::: Records for processing
(* Consider RejectionSampling run on $P\subseteq\mathbb{R}^d$ and $k$ with parameter $c>1$, and assume the LSH data structure is successful. Then the expected number of iterations of the while-loop is $O(c^2d^2k)$.
   Context: $P\subseteq\mathbb{R}^d$ has $n$ points; $\mathrm{Dist}(x,y)=\|x-y\|_2$, $\mathrm{Dist}(x,C)=\min_{y\in C}\mathrm{Dist}(x,y)$. Tree embedding: compute $\mathrm{MaxDist}$, an upper bound on the maximum pairwise distance within factor $2$ of it; add a uniformly random shift $s\in[0,\mathrm{MaxDist}]$ to each coordinate of all points; the root (height $0$) is the axis-aligned cube of side $2\,\mathrm{MaxDist}$ centered at an input point; recursively each node cube of side $L$ at height $i$ is split into $2^d$ subcubes of side $L/2$, nonempty ones becoming children connected by edges of weight $\sqrt d\,\mathrm{MaxDist}/2^i$, until each cube holds at most one point. $\mathrm{TreeDist}_T$ is the shortest-path distance in tree $T$; the multi-tree embedding has three such trees with independent shifts, $\mathrm{MultiTreeDist}$ is the minimum of the three tree distances, $\mathrm{MultiTreeDist}(p,S)=\min_{q\in S}\mathrm{MultiTreeDist}(p,q)$. MultiTreeSample() returns each $x\in P$ with probability $\mathrm{MultiTreeDist}(x,S)^2/\sum_{y\in P}\mathrm{MultiTreeDist}(y,S)^2$, where $S$ is the set of points opened so far by MultiTreeOpen (with $\mathrm{MultiTreeDist}(x,\emptyset)^2$ a constant $M$ independent of $x$). LSH data structure (parameter $c$): supports Insert$(p)$ and Query$(p)$; it is successful if Query$(p)$ always returns an inserted point at distance at most $c\cdot\delta$ from $p$, where $\delta$ is the minimum distance from $p$ to an inserted point. RejectionSampling$(P,k)$: $S\leftarrow\emptyset$; build the multi-tree embedding; while $|S|<k$: $x\leftarrow$ MultiTreeSample(); with probability $\min\{1,\mathrm{Dist}(x,\mathrm{Query}(x))^2/(c^2\,\mathrm{MultiTreeDist}(x,S)^2)\}$ (probability $1$ when $S=\emptyset$): $S\leftarrow S\cup\{x\}$, MultiTreeOpen$(x)$, Insert$(x)$. Output $S$. *)

theory Defs
  imports "HOL-Probability.Probability"
begin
::::::
→ Task brief
Output only the lines from the one that contains "theory Defs" through the last line of the data above, each restated exactly.

→ Written answer
theory Defs
  imports "HOL-Probability.Probability"
begin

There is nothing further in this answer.